**Exercise directions:**
Restate verbatim the span of lines below between the line with "nat \<Rightarrow> (real^'n)" and the line with "(\<forall>x\<in>D. LieV G", including those two lines, and only that span.

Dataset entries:
______
(* Consider the system $\dot{x} = f(x) + F(x)\hat{\theta} + g(x)u + F(x)\tilde{\theta}$, obtained from $\dot x=f(x)+F(x)\theta+g(x)u$ ($x\in\mathbb{R}^n$, $u\in\mathbb{R}^m$, constant unknown $\theta\in\mathbb{R}^p$, $f,F,g$ locally Lipschitz, $f(0)=0$, $F(0)=0$) with estimate $\hat\theta\in\mathbb{R}^p$ and estimation error $\tilde\theta=\theta-\hat\theta$. Suppose the estimate evolves by an update law $\dot{\hat\theta}=\tau(\hat\theta,t)$, $\tau$ locally Lipschitz in its first argument and piecewise continuous in its second, and there exist $V_\theta:\mathbb{R}^p\times\mathbb{R}_{\ge0}\to\mathbb{R}_{\ge0}$, continuously differentiable in both arguments, and constants $\eta_1,\eta_2,\eta_3>0$, $T\ge0$ with $\eta_1\|\tilde\theta\|^2\le V_\theta(\tilde\theta,t)\le\eta_2\|\tilde\theta\|^2$ and $\dot V_\theta(\tilde\theta,t)\le0$ for all $(\tilde\theta,t)\in\mathbb{R}^p\times\mathbb{R}_{\ge0}$, and $\dot V_\theta(\tilde\theta,t)\le-\eta_3\|\tilde\theta\|^2$ for all $(\tilde\theta,t)\in\mathbb{R}^p\times\mathbb{R}_{\ge T}$ (derivatives along $\dot{\tilde\theta}=-\tau(\theta-\tilde\theta,t)$). Let $h:\mathbb{R}^n\to\mathbb{R}$ have relative degree $r\in\mathbb{N}$ with respect to both $u$ and $\tilde\theta$ (Assumption in the context), and let $h$ be an ISSf-HOCBF on $\mathcal{C}_\delta$ with functions $\alpha_1,\dots,\alpha_r\in\mathcal{K}_\infty^e$ and constant $\varepsilon>0$ (defined in the context). Let $k:\mathbb{R}^n\times\mathbb{R}^p\to\mathbb{R}^m$ be locally Lipschitz with $k(x,\hat\theta)\in K_h(x,\hat\theta)$ for all $(x,\hat\theta)\in\mathbb{R}^n\times\mathbb{R}^p$, where $$K_h(x,\hat\theta)=\Big\{u\in\mathbb{R}^m : L_f\psi_{r-1}(x)+L_F\psi_{r-1}(x)\hat\theta+L_g\psi_{r-1}(x)u\ge -\alpha_r(\psi_{r-1}(x))+\tfrac{\|L_F\psi_{r-1}(x)\|^2}{\varepsilon}\Big\},$$ and let $\delta\ge0$ be such that $\|\tilde\theta\|_\infty\le\delta$. Define $$\gamma_r(\delta)=-\alpha_r^{-1}\!\left(-\tfrac{\varepsilon\delta^2}{4}\right),\qquad \gamma_i(\delta)=-\alpha_i^{-1}(-\gamma_{i+1}(\delta)),\ i\in\{1,\dots,r-1\},$$ and $\mathcal{C}_\delta=\bigcap_{i=1}^r\{x\in\mathbb{R}^n:\psi_{i-1}(x)+\gamma_i(\delta)\ge0\}$. Then the control policy $u=k(x,\hat\theta)$ renders $\mathcal{C}_\delta$ forward invariant for the closed-loop system $\dot x=f(x)+F(x)\hat\theta+g(x)k(x,\hat\theta)+F(x)\tilde\theta$.
   Context: For a differentiable $h$ and vector field $f$, $L_fh(x)=\nabla h(x)f(x)$; $L_gh$, $L_Fh$ are defined column-wise. $\mathcal{K}_\infty^e$: continuous strictly increasing $\alpha:\mathbb{R}\to\mathbb{R}$ with $\alpha(0)=0$, $\alpha(r)\to\pm\infty$ as $r\to\pm\infty$ (hence invertible). $h$ has relative degree $r$ with respect to $u$ on a domain $\mathcal{D}$ if $h$ is $r$-times differentiable, $L_gL_f^ih(x)=0$ for all $x\in\mathbb{R}^n$ and $i\in\{0,\dots,r-2\}$, and $L_gL_f^{r-1}h(x)\ne0$ for $x\in\mathcal{D}$; relative degree with respect to $\tilde\theta$ is defined identically with $g$ replaced by $F$. Assumption: $h$ has relative degree $r$ with respect to both $u$ and $\tilde\theta$ (so $u$, $\hat\theta$, $\tilde\theta$ first appear in the $r$-th derivative of $h$). Given sufficiently smooth $\alpha_1,\dots,\alpha_r\in\mathcal{K}_\infty^e$, define $\psi_0(x)=h(x)$ and $\psi_i(x)=\dot\psi_{i-1}(x)+\alpha_i(\psi_{i-1}(x))=L_f\psi_{i-1}(x)+\alpha_i(\psi_{i-1}(x))$ for $i\in\{1,\dots,r-1\}$. Let $\mathcal{C}^i=\{x:\psi_{i-1}(x)\ge0\}$, $i=1,\dots,r$. $h$ is an input-to-state safe high order control barrier function (ISSf-HOCBF) on $\mathcal{C}_\delta$ if $\nabla\psi_{i-1}(x)\neq0$ for all $x\in\partial\mathcal{C}^i$ and all $i\in\{1,\dots,r\}$, and there exist such $\alpha_i$ and $\varepsilon>0$ with $\sup_{u\in\mathbb{R}^m}\big(L_f\psi_{r-1}(x)+L_F\psi_{r-1}(x)\hat\theta+L_g\psi_{r-1}(x)u\big)>-\alpha_r(\psi_{r-1}(x))+\tfrac{\|L_F\psi_{r-1}(x)\|^2}{\varepsilon}$ for all $x\in\mathbb{R}^n$, $\hat\theta\in\mathbb{R}^p$. $\|\tilde\theta\|_\infty=\sup_{t\ge0}\|\tilde\theta(t)\|$. A set is forward invariant if every closed-loop solution starting in it remains in it on its whole maximal interval of existence. *)

theory Defs
  imports "HOL-Analysis.Analysis"
begin

definition Lie :: "('a::real_normed_vector \<Rightarrow> 'a) \<Rightarrow> ('a \<Rightarrow> real) \<Rightarrow> 'a \<Rightarrow> real" where
  "Lie v phi x = frechet_derivative phi (at x) (v x)"

definition LieV :: "(real^'n \<Rightarrow> real^'q^'n) \<Rightarrow> (real^'n \<Rightarrow> real) \<Rightarrow> real^'n \<Rightarrow> real^'q" where
  "LieV G phi x = (\<chi> j. frechet_derivative phi (at x) (column j (G x)))"

fun Lie_iter :: "('a::real_normed_vector \<Rightarrow> 'a) \<Rightarrow> ('a \<Rightarrow> real) \<Rightarrow> nat \<Rightarrow> 'a \<Rightarrow> real" where
  "Lie_iter v h 0 = h"
| "Lie_iter v h (Suc i) = Lie v (Lie_iter v h i)"

text \<open>Relative degree r of h with respect to the input channel G on the domain D.
  (h r-times differentiable is read as: the iterated Lie derivatives L_f^i h, i < r,
  which enter L_G L_f^i h, are differentiable.)\<close>
definition rel_deg :: "(real^'n \<Rightarrow> real^'n) \<Rightarrow> (real^'n \<Rightarrow> real^'q^'n) \<Rightarrow> (real^'n \<Rightarrow> real)
    \<Rightarrow> nat \<Rightarrow> (real^'n) set \<Rightarrow> bool" where
  "rel_deg f G h r D \<longleftrightarrow> 1 \<le> r
     \<and> (\<forall>i<r. \<forall>x. Lie_iter f h i differentiable (at x))
     \<and> (\<forall>i. i + 2 \<le> r \<longrightarrow> (\<forall>x. LieV G (Lie_iter f h i) x = 0))
     \<and> (\<forall>x\<in>D. LieV G (Lie_iter f h (r - 1)) x \<noteq> 0)"

definition Kinf_e :: "(real \<Rightarrow> real) \<Rightarrow> bool" where
  "Kinf_e \<alpha> \<longleftrightarrow> continuous_on UNIV \<alpha> \<and> strict_mono \<alpha> \<and> \<alpha> 0 = 0
     \<and> filterlim \<alpha> at_top at_top \<and> filterlim \<alpha> at_bot at_bot"

definition smooth_real :: "(real \<Rightarrow> real) \<Rightarrow> bool" where
  "smooth_real \<alpha> \<longleftrightarrow> (\<forall>k x. ((deriv ^^ k) \<alpha>) differentiable (at x))"

fun psi :: "(real^'n \<Rightarrow> real^'n) \<Rightarrow> (nat \<Rightarrow> real \<Rightarrow> real) \<Rightarrow> (real^'n \<Rightarrow> real) \<Rightarrow> nat \<Rightarrow> real^'n \<Rightarrow> real" where
  "psi f \<alpha> h 0 = h"
| "psi f \<alpha> h (Suc i) = (\<lambda>x. Lie f (psi f \<alpha> h i) x + \<alpha> (Suc i) (psi f \<alpha> h i x))"

definition ISSf_HOCBF :: "(real^'n \<Rightarrow> real^'n) \<Rightarrow> (real^'n \<Rightarrow> real^'p^'n) \<Rightarrow> (real^'n \<Rightarrow> real^'m^'n)
    \<Rightarrow> (real^'n \<Rightarrow> real) \<Rightarrow> nat \<Rightarrow> (nat \<Rightarrow> real \<Rightarrow> real) \<Rightarrow> real \<Rightarrow> bool" where
  "ISSf_HOCBF f F g h r \<alpha> \<epsilon> \<longleftrightarrow>
     (\<forall>i\<in>{1..r}. Kinf_e (\<alpha> i)) \<and> \<epsilon> > 0
     \<and> (\<forall>i\<in>{1..r}. \<forall>x \<in> frontier {y. psi f \<alpha> h (i - 1) y \<ge> 0}.
           frechet_derivative (psi f \<alpha> h (i - 1)) (at x) \<noteq> (\<lambda>_. 0))
     \<and> (\<forall>x (th::real^'p).
          (SUP u::real^'m. ereal (Lie f (psi f \<alpha> h (r - 1)) x
                 + LieV F (psi f \<alpha> h (r - 1)) x \<bullet> th + LieV g (psi f \<alpha> h (r - 1)) x \<bullet> u))
          > ereal (- \<alpha> r (psi f \<alpha> h (r - 1) x) + (norm (LieV F (psi f \<alpha> h (r - 1)) x))\<^sup>2 / \<epsilon>))"

definition K_h :: "(real^'n \<Rightarrow> real^'n) \<Rightarrow> (real^'n \<Rightarrow> real^'p^'n) \<Rightarrow> (real^'n \<Rightarrow> real^'m^'n)
    \<Rightarrow> (real^'n \<Rightarrow> real) \<Rightarrow> nat \<Rightarrow> (nat \<Rightarrow> real \<Rightarrow> real) \<Rightarrow> real \<Rightarrow> real^'n \<Rightarrow> real^'p \<Rightarrow> (real^'m) set" where
  "K_h f F g h r \<alpha> \<epsilon> x th = {u.
      Lie f (psi f \<alpha> h (r - 1)) x + LieV F (psi f \<alpha> h (r - 1)) x \<bullet> th + LieV g (psi f \<alpha> h (r - 1)) x \<bullet> u
      \<ge> - \<alpha> r (psi f \<alpha> h (r - 1) x) + (norm (LieV F (psi f \<alpha> h (r - 1)) x))\<^sup>2 / \<epsilon>}"

text \<open>gamma_aux k = gamma_(r-k): gamma_r(delta) = -alpha_r^-1(-eps delta^2/4),
  gamma_i(delta) = -alpha_i^-1(-gamma_(i+1)(delta)).\<close>
fun gamma_aux :: "(nat \<Rightarrow> real \<Rightarrow> real) \<Rightarrow> real \<Rightarrow> nat \<Rightarrow> real \<Rightarrow> nat \<Rightarrow> real" where
  "gamma_aux \<alpha> \<epsilon> r \<delta> 0 = - inv (\<alpha> r) (- (\<epsilon> * \<delta>\<^sup>2 / 4))"
| "gamma_aux \<alpha> \<epsilon> r \<delta> (Suc k) = - inv (\<alpha> (r - Suc k)) (- gamma_aux \<alpha> \<epsilon> r \<delta> k)"

definition gamma :: "(nat \<Rightarrow> real \<Rightarrow> real) \<Rightarrow> real \<Rightarrow> nat \<Rightarrow> real \<Rightarrow> nat \<Rightarrow> real" where
  "gamma \<alpha> \<epsilon> r \<delta> i = gamma_aux \<alpha> \<epsilon> r \<delta> (r - i)"

definition C_delta :: "(real^'n \<Rightarrow> real^'n) \<Rightarrow> (nat \<Rightarrow> real \<Rightarrow> real) \<Rightarrow> (real^'n \<Rightarrow> real)
    \<Rightarrow> real \<Rightarrow> nat \<Rightarrow> real \<Rightarrow> (real^'n) set" where
  "C_delta f \<alpha> h \<epsilon> r \<delta> = (\<Inter>i\<in>{1..r}. {x. psi f \<alpha> h (i - 1) x + gamma \<alpha> \<epsilon> r \<delta> i \<ge> 0})"

definition loc_lip :: "('a::metric_space \<Rightarrow> 'b::metric_space) \<Rightarrow> bool" where
  "loc_lip \<phi> \<longleftrightarrow> (\<forall>x. \<exists>u>0. \<exists>L. L-lipschitz_on (cball x u) \<phi>)"

definition pw_continuous :: "(real \<Rightarrow> 'a::topological_space) \<Rightarrow> bool" where
  "pw_continuous \<phi> \<longleftrightarrow> (\<forall>a b. 0 \<le> a \<longrightarrow> a \<le> b \<longrightarrow> (\<exists>S. finite S \<and> continuous_on ({a..b} - S) \<phi>
      \<and> (\<forall>s\<in>S. (\<exists>l. (\<phi> \<longlongrightarrow> l) (at_left s)) \<and> (\<exists>l. (\<phi> \<longlongrightarrow> l) (at_right s)))))"

end

theory Submission
  imports Defs
begin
______
**Exercise solution:**
    \<Rightarrow> nat \<Rightarrow> (real^'n) set \<Rightarrow> bool" where
  "rel_deg f G h r D \<longleftrightarrow> 1 \<le> r
     \<and> (\<forall>i<r. \<forall>x. Lie_iter f h i differentiable (at x))
     \<and> (\<forall>i. i + 2 \<le> r \<longrightarrow> (\<forall>x. LieV G (Lie_iter f h i) x = 0))
     \<and> (\<forall>x\<in>D. LieV G (Lie_iter f h (r - 1)) x \<noteq> 0)"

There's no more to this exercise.